▶
(* Let $S$ be a set with at least two elements and let $T=(-\times S)^S$ be the global state monad, applied pointwise as an indexed monad on $\mathrm{Fam}(\mathbf{Set})$, with unit $\eta_A(a)=(s\mapsto(a,s))$. Take $\Gamma=1$, $A=1$, and the family $B$ over $\Gamma.TA\cong (1\times S)^S$ given by $B(g)=1$ if $g=(s\mapsto( *,s))$ and $B(g)=\emptyset$ otherwise. Then $\prod_{a\in A}(B(\eta_A(a))\times S)^S$ is nonempty while $\prod_{g\in(A\times S)^S}(B(g)\times S)^S$ is empty. Consequently there is no map $\mathrm{Fam}(\mathbf{Set})(\Gamma.A)(1,TB\{\mathbf{p}_\Gamma(\eta_A)\})\to\mathrm{Fam}(\mathbf{Set})(\Gamma.TA)(1,TB)$, so the Eilenberg–Moore dCBPV$^-$ model of $T$ on $\mathrm{Fam}(\mathbf{Set})$ admits no dependent Kleisli extensions.
   Context: $\mathrm{Fam}(\mathbf{Set}):\mathbf{Set}^{op}\to\mathbf{Cat}$ sends a set $X$ to the category of $X$-indexed families of sets with families of functions as morphisms, reindexing by precomposition. Comprehension: $X.A=\{(x,a)\mid x\in X,a\in A(x)\}$; global elements $1\to A$ over $X$ are dependent functions $\prod_{x\in X}A(x)$. For $g:A\to A'$ over $\Gamma$, $\mathbf{p}_\Gamma(g)$ is $(c,a)\mapsto(c,g_c(a))$. A pointwise monad acts by $(TA)(x)=T(A(x))$. Dependent Kleisli extensions (for empty trailing context) are maps assigning to each global section of $TB\{\mathbf{p}_\Gamma(\eta_A)\}$ over $\Gamma.A$ a global section of $TB$ over $\Gamma.TA$, for $B$ over $\Gamma.TA$, subject to unitality and composition laws. *)

theory Defs
  imports "HOL-Library.FuncSet"
begin

text \<open>Global state monad on a set X, with the state set S represented by the type 's:
  T X = (X \<times> S)^S.\<close>
definition stT :: "'x set \<Rightarrow> ('s \<Rightarrow> 'x \<times> 's) set" where
  "stT X = (UNIV :: 's set) \<rightarrow> X \<times> (UNIV :: 's set)"

definition eta :: "'x \<Rightarrow> ('s \<Rightarrow> 'x \<times> 's)" where
  "eta a = (\<lambda>s. (a, s))"

text \<open>The family B over Gamma.TA = (1 \<times> S)^S (Gamma = A = 1, 1 = unit).\<close>
definition Bfam :: "('s \<Rightarrow> unit \<times> 's) \<Rightarrow> unit set" where
  "Bfam g = (if g = eta () then UNIV else {})"

text \<open>Global sections of TB{p(eta_A)} over Gamma.A, and of TB over Gamma.TA.\<close>
definition secs_reindexed :: "(unit \<Rightarrow> ('s \<Rightarrow> unit \<times> 's)) set" where
  "secs_reindexed = Pi (UNIV :: unit set) (\<lambda>a. stT (Bfam (eta a :: 's \<Rightarrow> unit \<times> 's)))"

definition secs_TA :: "(('s \<Rightarrow> unit \<times> 's) \<Rightarrow> ('s \<Rightarrow> unit \<times> 's)) set" where
  "secs_TA = Pi (UNIV :: ('s \<Rightarrow> unit \<times> 's) set) (\<lambda>g. stT (Bfam g))"

end

theory Submission
  imports Defs
begin

text \<open>The unit section \<open>a \<mapsto> \<eta>(a)\<close> lives over \<open>\<Gamma>.A\<close>, because \<open>B\<close> is inhabited exactly at
  \<open>\<eta>(*)\<close>. Over \<open>\<Gamma>.TA\<close> a section must also choose a point of \<open>T(B(g)) = (\<emptyset> \<times> S)\<^sup>S\<close> at
  a state transformer \<open>g \<noteq> \<eta>(*)\<close>, such as a constant one, and that set is empty since
  \<open>S\<close> is nonempty.\<close>

lemma stT_empty [simp]: "stT {} = ({} :: ('s \<Rightarrow> 'x \<times> 's) set)"
  by (auto simp: stT_def)

lemma stT_UNIV_eta: "eta a \<in> stT UNIV"
  by (simp add: stT_def eta_def)

lemma const_state_neq_eta:
  fixes x y :: 's
  assumes "x \<noteq> y"
  shows "(\<lambda>_. (a, x)) \<noteq> eta a"
proof
  assume "(\<lambda>_. (a, x)) = eta a"
  then have "(a, x) = eta a y" by (rule fun_cong)
  with assms show False by (simp add: eta_def)
qed

lemma eta_in_secs_reindexed: "(\<lambda>_. eta ()) \<in> secs_reindexed"
  by (simp add: secs_reindexed_def Bfam_def stT_UNIV_eta)

lemma secs_TA_empty:
  assumes "\<exists>x y :: 's. x \<noteq> y"
  shows "(secs_TA :: (('s \<Rightarrow> unit \<times> 's) \<Rightarrow> ('s \<Rightarrow> unit \<times> 's)) set) = {}"
proof -
  obtain x y :: 's where "x \<noteq> y" using assms by blast
  then have "Bfam (\<lambda>_. ((), x)) = {}"
    by (simp add: Bfam_def const_state_neq_eta)
  then have "stT (Bfam (\<lambda>_. ((), x))) = ({} :: ('s \<Rightarrow> unit \<times> 's) set)"
    by simp
  then show ?thesis
    unfolding secs_TA_def by blast
qed

theorem mainTheorem7:
  assumes "\<exists>x y :: 's. x \<noteq> y"
  shows "(secs_reindexed :: (unit \<Rightarrow> ('s \<Rightarrow> unit \<times> 's)) set) \<noteq> {}
    \<and> (secs_TA :: (('s \<Rightarrow> unit \<times> 's) \<Rightarrow> ('s \<Rightarrow> unit \<times> 's)) set) = {}
    \<and> \<not> (\<exists>F. F \<in> (secs_reindexed :: (unit \<Rightarrow> ('s \<Rightarrow> unit \<times> 's)) set)
                    \<rightarrow> (secs_TA :: (('s \<Rightarrow> unit \<times> 's) \<Rightarrow> ('s \<Rightarrow> unit \<times> 's)) set))"
proof -
  have inhabited: "(secs_reindexed :: (unit \<Rightarrow> ('s \<Rightarrow> unit \<times> 's)) set) \<noteq> {}"
    using eta_in_secs_reindexed by blast
  have empty: "(secs_TA :: (('s \<Rightarrow> unit \<times> 's) \<Rightarrow> ('s \<Rightarrow> unit \<times> 's)) set) = {}"
    using secs_TA_empty assms .
  show ?thesis
    using inhabited empty by blast
qed

end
◀
# What is needed:
Would you please write the entries out again in full, exactly as given?

# Response to this exercise:
(* Let $S$ be a set with at least two elements and let $T=(-\times S)^S$ be the global state monad, applied pointwise as an indexed monad on $\mathrm{Fam}(\mathbf{Set})$, with unit $\eta_A(a)=(s\mapsto(a,s))$. Take $\Gamma=1$, $A=1$, and the family $B$ over $\Gamma.TA\cong (1\times S)^S$ given by $B(g)=1$ if $g=(s\mapsto( *,s))$ and $B(g)=\emptyset$ otherwise. Then $\prod_{a\in A}(B(\eta_A(a))\times S)^S$ is nonempty while $\prod_{g\in(A\times S)^S}(B(g)\times S)^S$ is empty. Consequently there is no map $\mathrm{Fam}(\mathbf{Set})(\Gamma.A)(1,TB\{\mathbf{p}_\Gamma(\eta_A)\})\to\mathrm{Fam}(\mathbf{Set})(\Gamma.TA)(1,TB)$, so the Eilenberg–Moore dCBPV$^-$ model of $T$ on $\mathrm{Fam}(\mathbf{Set})$ admits no dependent Kleisli extensions.
   Context: $\mathrm{Fam}(\mathbf{Set}):\mathbf{Set}^{op}\to\mathbf{Cat}$ sends a set $X$ to the category of $X$-indexed families of sets with families of functions as morphisms, reindexing by precomposition. Comprehension: $X.A=\{(x,a)\mid x\in X,a\in A(x)\}$; global elements $1\to A$ over $X$ are dependent functions $\prod_{x\in X}A(x)$. For $g:A\to A'$ over $\Gamma$, $\mathbf{p}_\Gamma(g)$ is $(c,a)\mapsto(c,g_c(a))$. A pointwise monad acts by $(TA)(x)=T(A(x))$. Dependent Kleisli extensions (for empty trailing context) are maps assigning to each global section of $TB\{\mathbf{p}_\Gamma(\eta_A)\}$ over $\Gamma.A$ a global section of $TB$ over $\Gamma.TA$, for $B$ over $\Gamma.TA$, subject to unitality and composition laws. *)

theory Defs
  imports "HOL-Library.FuncSet"
begin

text \<open>Global state monad on a set X, with the state set S represented by the type 's:
  T X = (X \<times> S)^S.\<close>
definition stT :: "'x set \<Rightarrow> ('s \<Rightarrow> 'x \<times> 's) set" where
  "stT X = (UNIV :: 's set) \<rightarrow> X \<times> (UNIV :: 's set)"

definition eta :: "'x \<Rightarrow> ('s \<Rightarrow> 'x \<times> 's)" where
  "eta a = (\<lambda>s. (a, s))"

text \<open>The family B over Gamma.TA = (1 \<times> S)^S (Gamma = A = 1, 1 = unit).\<close>
definition Bfam :: "('s \<Rightarrow> unit \<times> 's) \<Rightarrow> unit set" where
  "Bfam g = (if g = eta () then UNIV else {})"

text \<open>Global sections of TB{p(eta_A)} over Gamma.A, and of TB over Gamma.TA.\<close>
definition secs_reindexed :: "(unit \<Rightarrow> ('s \<Rightarrow> unit \<times> 's)) set" where
  "secs_reindexed = Pi (UNIV :: unit set) (\<lambda>a. stT (Bfam (eta a :: 's \<Rightarrow> unit \<times> 's)))"

definition secs_TA :: "(('s \<Rightarrow> unit \<times> 's) \<Rightarrow> ('s \<Rightarrow> unit \<times> 's)) set" where
  "secs_TA = Pi (UNIV :: ('s \<Rightarrow> unit \<times> 's) set) (\<lambda>g. stT (Bfam g))"

end

theory Submission
  imports Defs
begin

text \<open>The unit section \<open>a \<mapsto> \<eta>(a)\<close> lives over \<open>\<Gamma>.A\<close>, because \<open>B\<close> is inhabited exactly at
  \<open>\<eta>(*)\<close>. Over \<open>\<Gamma>.TA\<close> a section must also choose a point of \<open>T(B(g)) = (\<emptyset> \<times> S)\<^sup>S\<close> at
  a state transformer \<open>g \<noteq> \<eta>(*)\<close>, such as a constant one, and that set is empty since
  \<open>S\<close> is nonempty.\<close>

lemma stT_empty [simp]: "stT {} = ({} :: ('s \<Rightarrow> 'x \<times> 's) set)"
  by (auto simp: stT_def)

lemma stT_UNIV_eta: "eta a \<in> stT UNIV"
  by (simp add: stT_def eta_def)

lemma const_state_neq_eta:
  fixes x y :: 's
  assumes "x \<noteq> y"
  shows "(\<lambda>_. (a, x)) \<noteq> eta a"
proof
  assume "(\<lambda>_. (a, x)) = eta a"
  then have "(a, x) = eta a y" by (rule fun_cong)
  with assms show False by (simp add: eta_def)
qed

lemma eta_in_secs_reindexed: "(\<lambda>_. eta ()) \<in> secs_reindexed"
  by (simp add: secs_reindexed_def Bfam_def stT_UNIV_eta)

lemma secs_TA_empty:
  assumes "\<exists>x y :: 's. x \<noteq> y"
  shows "(secs_TA :: (('s \<Rightarrow> unit \<times> 's) \<Rightarrow> ('s \<Rightarrow> unit \<times> 's)) set) = {}"
proof -
  obtain x y :: 's where "x \<noteq> y" using assms by blast
  then have "Bfam (\<lambda>_. ((), x)) = {}"
    by (simp add: Bfam_def const_state_neq_eta)
  then have "stT (Bfam (\<lambda>_. ((), x))) = ({} :: ('s \<Rightarrow> unit \<times> 's) set)"
    by simp
  then show ?thesis
    unfolding secs_TA_def by blast
qed

theorem mainTheorem7:
  assumes "\<exists>x y :: 's. x \<noteq> y"
  shows "(secs_reindexed :: (unit \<Rightarrow> ('s \<Rightarrow> unit \<times> 's)) set) \<noteq> {}
    \<and> (secs_TA :: (('s \<Rightarrow> unit \<times> 's) \<Rightarrow> ('s \<Rightarrow> unit \<times> 's)) set) = {}
    \<and> \<not> (\<exists>F. F \<in> (secs_reindexed :: (unit \<Rightarrow> ('s \<Rightarrow> unit \<times> 's)) set)
                    \<rightarrow> (secs_TA :: (('s \<Rightarrow> unit \<times> 's) \<Rightarrow> ('s \<Rightarrow> unit \<times> 's)) set))"
proof -
  have inhabited: "(secs_reindexed :: (unit \<Rightarrow> ('s \<Rightarrow> unit \<times> 's)) set) \<noteq> {}"
    using eta_in_secs_reindexed by blast
  have empty: "(secs_TA :: (('s \<Rightarrow> unit \<times> 's) \<Rightarrow> ('s \<Rightarrow> unit \<times> 's)) set) = {}"
    using secs_TA_empty assms .
  show ?thesis
    using inhabited empty by blast
qed

end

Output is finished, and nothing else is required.